As always, the practicality of DPbDD in a specific situation will be determined by non-privacy related legal requirements applicable to the situation (e.g., employment requirements) but this question provides a good opportunity to review some underlying principles of DPbDD. Potential DPbDD Approaches
The following three DPbDD options, among others, may be available. Option No 1:
The identity of the individual could be de-identified by replacing their name and other identifying information with a random pseudonym (we will refer to this pseudonym as “RP1” for Random Pseudonym One) that could be randomly assigned and not derived from the underlying data so that it would not be susceptible to re-identification if intercepted (see https://en.wikipedia.org/wiki/One-time_pad
). RP1 could be used to refer to the individual rather than the identifying information.

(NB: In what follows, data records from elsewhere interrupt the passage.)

lemma energy_rate_rhs_eq_0:
  assumes HxLi: "HxLi \<in> carrier_mat nxL nxL" "HxL * HxLi = 1\<^sub>m nxL"
    and HxRi: "HxRi \<in> carrier_mat nxR nxR" "HxR * HxRi = 1\<^sub>m nxR"
    and vecs: "u \<in> carrier_vec (nxL * nyL)" "ut \<in> carrier_vec (nxL * nyL)"
      "v \<in> carrier_vec (nxR * nyR)" "vt \<in> carrier_vec (nxR * nyR)"
  shows "energy_rate u ut (rhs_u HxLi u v) v vt (rhs_v HxRi u v) = 0"
proof -
  have [simp]: "dim_row HxLi = nxL" "dim_col HxLi = nxL" "dim_row HxRi = nxR" "dim_col HxRi = nxR"
    "dim_vec u = nxL * nyL" "dim_vec ut = nxL * nyL" "dim_vec v = nxR * nyR" "dim_vec vt = nxR * nyR"
    using HxLi HxRi vecs by auto
  have invL: "HxL * (HxLi * Z) = Z" if "dim_row Z = nxL" for Z
  proof -
    have "Z \<in> carrier_mat nxL (dim_col Z)" using that by (auto intro!: carrier_matI)
    then show ?thesis using assoc_mult_mat[OF carrier(1) HxLi(1), of Z] HxLi(2) by simp
  qed
  have invR: "HxR * (HxRi * Z) = Z" if "dim_row Z = nxR" for Z
  proof -
    have "Z \<in> carrier_mat nxR (dim_col Z)" using that by (auto intro!: carrier_matI)
    then show ?thesis using assoc_mult_mat[OF carrier(3) HxRi(1), of Z] HxRi(2) by simp
  qed
  have adjoint: "(HyR * IC2F)\<^sup>T = HyL * IF2C" using interpolation_adjoint by simp
  have symL: "x \<bullet> (kron HxL HyL *\<^sub>v ut) = ut \<bullet> (kron HxL HyL *\<^sub>v x)" if "dim_vec x = nxL * nyL" for x
    using that scalar_prod_kron_swap[of x HxL HyL ut] symmetric by simp
  have symR: "x \<bullet> (kron HxR HyR *\<^sub>v vt) = vt \<bullet> (kron HxR HyR *\<^sub>v x)" if "dim_vec x = nxR * nyR" for x
    using that scalar_prod_kron_swap[of x HxR HyR vt] symmetric by simp
  have split_L: "ut \<bullet> (kron (- MxL + E0L nxL * SxL) HyL *\<^sub>v u)
      = (-1) * (ut \<bullet> (kron MxL HyL *\<^sub>v u)) + 1 * (ut \<bullet> (kron (E0L nxL * SxL) HyL *\<^sub>v u))"
    by (rule scalar_prod_kron_linear_left[OF _ _ _ carrier(5) mult_carrier_mat[OF interface_mat_carrier_mat(1) carrier(7)]])
      (use carrier(5) in auto)
  have split_R: "vt \<bullet> (kron (- MxR - E0R nxR * SxR) HyR *\<^sub>v v)
      = (-1) * (vt \<bullet> (kron MxR HyR *\<^sub>v v)) + (-1) * (vt \<bullet> (kron (E0R nxR * SxR) HyR *\<^sub>v v))"
    by (rule scalar_prod_kron_linear_left[OF _ _ _ carrier(6) mult_carrier_mat[OF interface_mat_carrier_mat(2) carrier(8)]])
      (use carrier(6) in auto)
  have dims_rhs: "dim_vec (rhs_u HxLi u v) = nxL * nyL" "dim_vec (rhs_v HxRi u v) = nxR * nyR"
    by (simp_all add: rhs_u_def rhs_v_def Let_def)
  show ?thesis
    unfolding energy_rate_def symL[OF dims_rhs(1)] symR[OF dims_rhs(2)]
    unfolding rhs_u_def rhs_v_def Let_def
    apply (simp add: mult_mat_vec_add_dims mult_mat_vec_diff_dims mult_mat_vec_smult_dims scalar_prod_add_dims
        scalar_prod_diff_dims scalar_prod_smult_dims kron_mult_vec_assoc transpose_kron transpose_mult_dims
        invL invR HxLi(2) HxRi(2) symmetric interpolation_adjoint adjoint
        scalar_prod_kron_swap[of u] scalar_prod_kron_swap[of v])
    apply (simp only: split_L split_R)
    apply (simp add: algebra_simps diff_divide_distrib)
    done
qed

lemma energy_conserved:
  fixes u u' u'' v v' v'' :: "real \<Rightarrow> real vec"
  assumes HxLi: "HxLi \<in> carrier_mat nxL nxL" "HxL * HxLi = 1\<^sub>m nxL"
    and HxRi: "HxRi \<in> carrier_mat nxR nxR" "HxR * HxRi = 1\<^sub>m nxR"
    and vecs: "\<And>s. u s \<in> carrier_vec (nxL * nyL)" "\<And>s. u' s \<in> carrier_vec (nxL * nyL)"
      "\<And>s. u'' s \<in> carrier_vec (nxL * nyL)" "\<And>s. v s \<in> carrier_vec (nxR * nyR)"
      "\<And>s. v' s \<in> carrier_vec (nxR * nyR)" "\<And>s. v'' s \<in> carrier_vec (nxR * nyR)"
    and du: "\<And>i. i < nxL * nyL \<Longrightarrow> ((\<lambda>s. u s $ i) has_real_derivative u' t $ i) (at t)"
      "\<And>i. i < nxL * nyL \<Longrightarrow> ((\<lambda>s. u' s $ i) has_real_derivative u'' t $ i) (at t)"
    and dv: "\<And>i. i < nxR * nyR \<Longrightarrow> ((\<lambda>s. v s $ i) has_real_derivative v' t $ i) (at t)"
      "\<And>i. i < nxR * nyR \<Longrightarrow> ((\<lambda>s. v' s $ i) has_real_derivative v'' t $ i) (at t)"
    and ode: "u'' t = rhs_u HxLi (u t) (v t)" "v'' t = rhs_v HxRi (u t) (v t)"
  shows "((\<lambda>s. energy (u s) (u' s) (v s) (v' s)) has_real_derivative 0) (at t)"
proof -
  have "((\<lambda>s. energy (u s) (u' s) (v s) (v' s)) has_real_derivative
      energy_rate (u t) (u' t) (u'' t) (v t) (v' t) (v'' t)) (at t)"
    by (rule energy_has_derivative[OF vecs(1,2,3) vecs(4,5,6) du dv])
  moreover have "energy_rate (u t) (u' t) (u'' t) (v t) (v' t) (v'' t) = 0"
    unfolding ode by (rule energy_rate_rhs_eq_0[OF HxLi HxRi vecs(1,2,4,5)])
  ultimately show ?thesis by simp
qed

lemma energy_eq_interface_form:
  assumes n: "0 < nxL" "0 < nxR"
    and decomp_L: "MtL \<in> carrier_mat nxL nxL" "MxL = MtL + \<beta>L \<cdot>\<^sub>m ((E0L nxL * SxL)\<^sup>T * (E0L nxL * SxL))"
    and decomp_R: "MtR \<in> carrier_mat nxR nxR" "MxR = MtR + \<beta>R \<cdot>\<^sub>m ((E0R nxR * SxR)\<^sup>T * (E0R nxR * SxR))"
    and vecs: "u \<in> carrier_vec (nxL * nyL)" "v \<in> carrier_vec (nxR * nyR)"
  defines "p \<equiv> contract_outer nxL nyL (\<lambda>i. of_bool (i = nxL - 1)) u"
    and "d \<equiv> contract_outer nxL nyL (\<lambda>i. SxL $$ (nxL - 1, i)) u"
    and "q \<equiv> contract_outer nxR nyR (\<lambda>i. of_bool (i = 0)) v"
    and "e \<equiv> contract_outer nxR nyR (\<lambda>i. SxR $$ (0, i)) v"
  shows "energy u ut v vt = ut \<bullet> (kron HxL HyL *\<^sub>v ut) + vt \<bullet> (kron HxR HyR *\<^sub>v vt)
      + u \<bullet> (kron MtL HyL *\<^sub>v u) + v \<bullet> (kron MtR HyR *\<^sub>v v)
      + interface_form HyL HyR IF2C IC2F \<beta>L \<beta>R \<tau> p d q e"
proof -
  note rank_one_u = scalar_prod_kron_rank_one[OF _ carrier(2) vecs(1) vecs(1)]
    and rank_one_v = scalar_prod_kron_rank_one[OF _ carrier(4) vecs(2) vecs(2)]
    and rank_one_uv = scalar_prod_kron_rank_one[OF _ mult_carrier_mat[OF carrier(2,9)] vecs(1,2)]
    and rank_one_vu = scalar_prod_kron_rank_one[OF _ mult_carrier_mat[OF carrier(4,10)] vecs(2,1)]
  have uMu: "u \<bullet> (kron MxL HyL *\<^sub>v u) = u \<bullet> (kron MtL HyL *\<^sub>v u) + \<beta>L * (d \<bullet> (HyL *\<^sub>v d))"
    unfolding d_def by (rule quadratic_form_kron_borrowing_E0L[OF decomp_L carrier(7,2) vecs(1) n(1)])
  have vMv: "v \<bullet> (kron MxR HyR *\<^sub>v v) = v \<bullet> (kron MtR HyR *\<^sub>v v) + \<beta>R * (e \<bullet> (HyR *\<^sub>v e))"
    unfolding e_def by (rule quadratic_form_kron_borrowing_E0R[OF decomp_R carrier(8,4) vecs(2) n(2)])
  have "u \<bullet> (kron (E0L nxL * SxL) HyL *\<^sub>v u) = p \<bullet> (HyL *\<^sub>v d)"
    unfolding p_def d_def
    by (intro rank_one_u)
      (auto intro!: carrier_matI simp del: index_mult_mat(1) simp: index_E0L_mult[OF carrier(7)])
  moreover have "u \<bullet> (kron (E0L nxL) HyL *\<^sub>v u) = p \<bullet> (HyL *\<^sub>v p)"
    unfolding p_def by (intro rank_one_u) (auto simp: index_E0L interface_mat_carrier_mat)
  moreover have "u \<bullet> (kron (SxL\<^sup>T * ELR nxL nxR) (HyL * IF2C) *\<^sub>v v) = d \<bullet> ((HyL * IF2C) *\<^sub>v q)"
    unfolding d_def q_def using n(1)
    by (intro rank_one_uv) (auto intro!: carrier_matI simp del: index_mult_mat(1)
        simp: index_transpose_mult_ELR[OF carrier(7)])
  moreover have "u \<bullet> (kron (ELR nxL nxR) (HyL * IF2C) *\<^sub>v v) = p \<bullet> ((HyL * IF2C) *\<^sub>v q)"
    unfolding p_def q_def by (intro rank_one_uv) (auto simp: index_ELR interface_mat_carrier_mat)
  moreover have "v \<bullet> (kron (E0R nxR * SxR) HyR *\<^sub>v v) = q \<bullet> (HyR *\<^sub>v e)"
    unfolding q_def e_def
    by (intro rank_one_v)
      (auto intro!: carrier_matI simp del: index_mult_mat(1) simp: index_E0R_mult[OF carrier(8)])
  moreover have "v \<bullet> (kron (E0R nxR) HyR *\<^sub>v v) = q \<bullet> (HyR *\<^sub>v q)"
    unfolding q_def by (intro rank_one_v) (auto simp: index_E0R interface_mat_carrier_mat)
  moreover have "v \<bullet> (kron (SxR\<^sup>T * ERL nxL nxR) (HyR * IC2F) *\<^sub>v u) = e \<bullet> ((HyR * IC2F) *\<^sub>v p)"
    unfolding e_def p_def using n(2)
    by (intro rank_one_vu) (auto intro!: carrier_matI simp del: index_mult_mat(1)
        simp: index_transpose_mult_ERL[OF carrier(8)])
  ultimately show ?thesis
    unfolding energy_def interface_form_def uMu vMv by simp
qed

The EU Employer/Exporter could hold the GDPR Article 4(5) “additional information” that is necessary to attribute the RP1 pseudonym to the specific data subject. Care would need to be taken not to use the same RP1 pseudonym to the point that unauthorized third parties could infer, single out or link the RP1 pseudonym to the individual without requiring access to the additional information held separately by the EU Employer/Exporter. Different pseudonyms could be used at different times for different purposes, with the “additional information” necessary to attribute the different pseudonyms to the same individual held by the EU Employer/Exporter. Option No. 2:
The employee information exported by the EU Employer/Exporter could be aggregated into a format that enables desired processing at a small cohort or “look-alike” group level; only the defined cohort values would be provided to the data importer for processing. Cohorts must be small enough to represent the distinct characteristics, attributes, preferences, activities, behaviours and even location of a real group of data subjects necessary to achieve business objectives from processing data, but large enough that they don’t enable singling out, linking to, or inferences about the identity of individual data subjects.5
This balance can be hard to strike without applying technical measures to reduce re-identification likelihood. Upon receipt of the results of processing by the data importer, the EU Employer/Exporter can then re-link the information to the appropriate employee data using the “additional information that they possess and maintain exclusively in the EU. Option No. 3:
When there are insufficient numbers of EU employees to create the cohorts suggested in Option No 2 above, synthetic data can be added to the data provided to the data importer which represents fictitious employees while ensuring that the important statistical properties of the sample data are reflected in synthetic data. Summary
Although consent may be an option in some cases for non-EU based processing of EU personal data, it is rarely available as a basis for processing employee data, and so is not relevant as a Schrems II solution. Contract has very narrow applicability to only specific types of administrative processing and does not address Schrems II requirements for additional safeguards that ensure protection against surveillance. However, where processing of employee data can be done in de-identified form, GDPR pseudonymisation has the three-fold benefit of:
- Supporting DPbDD requirements;
- Assisting in meeting the requirements for legitimate interests processing; and
- Serving as an additional safeguard to help meet Schrems II requirements.